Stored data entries

────────

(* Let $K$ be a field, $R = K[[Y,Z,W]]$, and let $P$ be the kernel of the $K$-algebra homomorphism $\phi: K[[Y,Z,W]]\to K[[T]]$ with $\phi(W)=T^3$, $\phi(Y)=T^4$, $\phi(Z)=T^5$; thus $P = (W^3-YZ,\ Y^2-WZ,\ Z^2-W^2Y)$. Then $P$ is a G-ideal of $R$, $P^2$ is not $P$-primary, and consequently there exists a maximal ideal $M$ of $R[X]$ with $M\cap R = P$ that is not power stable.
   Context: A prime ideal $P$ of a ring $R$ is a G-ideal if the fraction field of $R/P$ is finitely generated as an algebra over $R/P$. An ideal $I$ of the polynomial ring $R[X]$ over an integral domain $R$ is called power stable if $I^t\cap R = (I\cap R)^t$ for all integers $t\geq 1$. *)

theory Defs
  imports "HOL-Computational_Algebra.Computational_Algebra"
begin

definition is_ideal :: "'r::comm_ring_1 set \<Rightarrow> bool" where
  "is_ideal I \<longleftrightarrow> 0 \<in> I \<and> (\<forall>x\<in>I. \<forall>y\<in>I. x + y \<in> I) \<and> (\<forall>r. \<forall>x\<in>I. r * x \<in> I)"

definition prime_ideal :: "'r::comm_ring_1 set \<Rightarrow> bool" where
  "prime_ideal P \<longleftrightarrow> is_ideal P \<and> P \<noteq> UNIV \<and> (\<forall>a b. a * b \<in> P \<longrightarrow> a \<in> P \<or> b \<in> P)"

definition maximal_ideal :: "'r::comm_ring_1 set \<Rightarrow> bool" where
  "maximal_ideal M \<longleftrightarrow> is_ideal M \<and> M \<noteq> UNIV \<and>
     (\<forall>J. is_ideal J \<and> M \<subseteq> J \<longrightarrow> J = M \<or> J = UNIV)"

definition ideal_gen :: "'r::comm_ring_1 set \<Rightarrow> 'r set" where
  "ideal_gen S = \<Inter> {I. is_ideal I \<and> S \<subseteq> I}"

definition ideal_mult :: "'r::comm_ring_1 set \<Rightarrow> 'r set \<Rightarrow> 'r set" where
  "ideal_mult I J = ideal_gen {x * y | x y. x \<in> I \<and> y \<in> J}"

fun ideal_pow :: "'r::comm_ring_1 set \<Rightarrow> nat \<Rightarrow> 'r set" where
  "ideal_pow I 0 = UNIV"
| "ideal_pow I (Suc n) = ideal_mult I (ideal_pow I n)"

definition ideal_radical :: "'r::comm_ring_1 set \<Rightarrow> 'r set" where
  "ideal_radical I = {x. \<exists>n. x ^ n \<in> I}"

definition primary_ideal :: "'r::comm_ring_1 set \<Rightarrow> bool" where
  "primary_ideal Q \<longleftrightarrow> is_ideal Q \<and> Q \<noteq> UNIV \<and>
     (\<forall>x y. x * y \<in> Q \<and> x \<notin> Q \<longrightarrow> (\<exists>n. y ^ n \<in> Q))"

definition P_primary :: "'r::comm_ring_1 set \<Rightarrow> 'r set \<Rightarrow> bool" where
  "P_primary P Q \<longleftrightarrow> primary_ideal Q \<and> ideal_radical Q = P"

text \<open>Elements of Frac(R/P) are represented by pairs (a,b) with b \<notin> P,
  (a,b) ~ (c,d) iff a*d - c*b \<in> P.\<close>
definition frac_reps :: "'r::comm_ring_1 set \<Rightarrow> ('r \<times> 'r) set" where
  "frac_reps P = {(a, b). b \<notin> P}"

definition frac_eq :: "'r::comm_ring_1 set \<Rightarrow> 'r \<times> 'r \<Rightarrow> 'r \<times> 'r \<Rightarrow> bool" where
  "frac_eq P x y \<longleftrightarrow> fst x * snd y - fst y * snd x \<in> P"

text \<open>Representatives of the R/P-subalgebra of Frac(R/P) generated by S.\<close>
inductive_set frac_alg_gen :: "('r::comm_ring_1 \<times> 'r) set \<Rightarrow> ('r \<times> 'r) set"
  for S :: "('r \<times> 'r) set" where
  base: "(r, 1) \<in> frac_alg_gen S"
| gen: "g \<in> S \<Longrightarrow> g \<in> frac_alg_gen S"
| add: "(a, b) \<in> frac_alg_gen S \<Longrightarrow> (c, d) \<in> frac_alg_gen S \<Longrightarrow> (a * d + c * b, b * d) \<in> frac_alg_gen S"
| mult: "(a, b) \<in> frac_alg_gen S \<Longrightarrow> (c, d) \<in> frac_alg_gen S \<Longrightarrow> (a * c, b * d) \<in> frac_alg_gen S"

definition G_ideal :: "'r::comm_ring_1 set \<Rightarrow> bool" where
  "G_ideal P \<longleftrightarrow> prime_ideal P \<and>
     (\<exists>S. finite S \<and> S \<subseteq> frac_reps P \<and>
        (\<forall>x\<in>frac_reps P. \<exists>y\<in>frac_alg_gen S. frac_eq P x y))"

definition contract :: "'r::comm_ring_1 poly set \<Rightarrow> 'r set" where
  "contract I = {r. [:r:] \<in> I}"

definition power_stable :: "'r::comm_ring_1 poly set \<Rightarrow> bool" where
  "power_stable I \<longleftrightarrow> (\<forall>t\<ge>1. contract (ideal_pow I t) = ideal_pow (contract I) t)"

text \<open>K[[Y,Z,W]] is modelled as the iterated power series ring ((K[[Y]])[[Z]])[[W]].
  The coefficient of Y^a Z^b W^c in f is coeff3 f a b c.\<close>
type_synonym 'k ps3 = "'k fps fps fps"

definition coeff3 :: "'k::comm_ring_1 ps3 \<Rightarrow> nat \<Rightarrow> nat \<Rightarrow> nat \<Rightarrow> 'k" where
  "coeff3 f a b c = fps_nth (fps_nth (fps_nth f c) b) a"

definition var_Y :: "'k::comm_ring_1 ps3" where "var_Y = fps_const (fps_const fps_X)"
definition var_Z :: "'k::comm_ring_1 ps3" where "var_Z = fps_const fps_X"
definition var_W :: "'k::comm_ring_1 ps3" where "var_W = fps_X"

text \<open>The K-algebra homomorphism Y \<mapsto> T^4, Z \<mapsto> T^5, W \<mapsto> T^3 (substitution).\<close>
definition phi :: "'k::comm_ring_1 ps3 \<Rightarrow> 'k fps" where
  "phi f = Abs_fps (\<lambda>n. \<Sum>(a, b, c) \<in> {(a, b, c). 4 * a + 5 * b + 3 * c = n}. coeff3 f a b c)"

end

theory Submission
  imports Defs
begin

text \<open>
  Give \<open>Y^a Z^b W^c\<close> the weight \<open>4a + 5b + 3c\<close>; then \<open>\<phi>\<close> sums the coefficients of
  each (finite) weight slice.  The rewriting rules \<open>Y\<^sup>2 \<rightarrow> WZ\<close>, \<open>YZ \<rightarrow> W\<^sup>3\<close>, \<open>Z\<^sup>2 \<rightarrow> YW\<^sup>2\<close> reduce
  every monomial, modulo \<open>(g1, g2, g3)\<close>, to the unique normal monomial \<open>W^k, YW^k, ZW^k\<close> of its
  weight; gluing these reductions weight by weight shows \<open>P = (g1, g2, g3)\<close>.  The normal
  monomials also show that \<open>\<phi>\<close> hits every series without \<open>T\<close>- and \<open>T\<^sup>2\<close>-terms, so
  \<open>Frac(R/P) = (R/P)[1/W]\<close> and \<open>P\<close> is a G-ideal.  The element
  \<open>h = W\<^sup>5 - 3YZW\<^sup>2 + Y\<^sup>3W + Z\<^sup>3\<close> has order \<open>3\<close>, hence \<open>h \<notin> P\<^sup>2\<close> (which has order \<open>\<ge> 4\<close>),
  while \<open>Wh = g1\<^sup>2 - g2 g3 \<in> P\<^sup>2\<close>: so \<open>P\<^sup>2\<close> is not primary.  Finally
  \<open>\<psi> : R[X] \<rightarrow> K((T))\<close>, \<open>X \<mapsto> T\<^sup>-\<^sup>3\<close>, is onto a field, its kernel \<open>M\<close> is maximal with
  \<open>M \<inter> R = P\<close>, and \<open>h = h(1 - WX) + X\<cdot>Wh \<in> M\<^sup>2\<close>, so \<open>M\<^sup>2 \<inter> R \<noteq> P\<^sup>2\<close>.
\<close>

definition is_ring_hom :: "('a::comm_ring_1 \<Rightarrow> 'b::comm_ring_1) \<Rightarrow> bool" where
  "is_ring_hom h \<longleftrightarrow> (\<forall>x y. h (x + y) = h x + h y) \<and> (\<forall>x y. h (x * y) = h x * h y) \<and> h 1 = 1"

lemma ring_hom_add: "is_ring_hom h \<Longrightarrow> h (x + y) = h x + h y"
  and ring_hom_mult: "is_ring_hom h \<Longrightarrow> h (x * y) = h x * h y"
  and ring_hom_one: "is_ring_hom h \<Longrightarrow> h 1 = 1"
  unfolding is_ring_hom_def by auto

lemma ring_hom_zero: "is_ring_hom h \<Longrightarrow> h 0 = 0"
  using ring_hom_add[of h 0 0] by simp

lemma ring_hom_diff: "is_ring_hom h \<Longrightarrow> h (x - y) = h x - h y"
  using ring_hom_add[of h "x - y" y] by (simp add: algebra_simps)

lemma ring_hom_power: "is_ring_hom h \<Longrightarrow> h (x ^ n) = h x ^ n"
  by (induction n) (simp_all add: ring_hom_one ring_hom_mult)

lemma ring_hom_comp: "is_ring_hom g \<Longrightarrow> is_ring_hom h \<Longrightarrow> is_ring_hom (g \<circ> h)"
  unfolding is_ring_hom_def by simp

────────

EXERCISE
The answer is the run of lines above from the line containing "Q \<noteq> UNIV \<and>" through the line containing "x y \<longleftrightarrow>", copied exactly and alone.

SOLUTION BELOW
  "primary_ideal Q \<longleftrightarrow> is_ideal Q \<and> Q \<noteq> UNIV \<and>
     (\<forall>x y. x * y \<in> Q \<and> x \<notin> Q \<longrightarrow> (\<exists>n. y ^ n \<in> Q))"

definition P_primary :: "'r::comm_ring_1 set \<Rightarrow> 'r set \<Rightarrow> bool" where
  "P_primary P Q \<longleftrightarrow> primary_ideal Q \<and> ideal_radical Q = P"

text \<open>Elements of Frac(R/P) are represented by pairs (a,b) with b \<notin> P,
  (a,b) ~ (c,d) iff a*d - c*b \<in> P.\<close>
definition frac_reps :: "'r::comm_ring_1 set \<Rightarrow> ('r \<times> 'r) set" where
  "frac_reps P = {(a, b). b \<notin> P}"

definition frac_eq :: "'r::comm_ring_1 set \<Rightarrow> 'r \<times> 'r \<Rightarrow> 'r \<times> 'r \<Rightarrow> bool" where
  "frac_eq P x y \<longleftrightarrow> fst x * snd y - fst y * snd x \<in> P"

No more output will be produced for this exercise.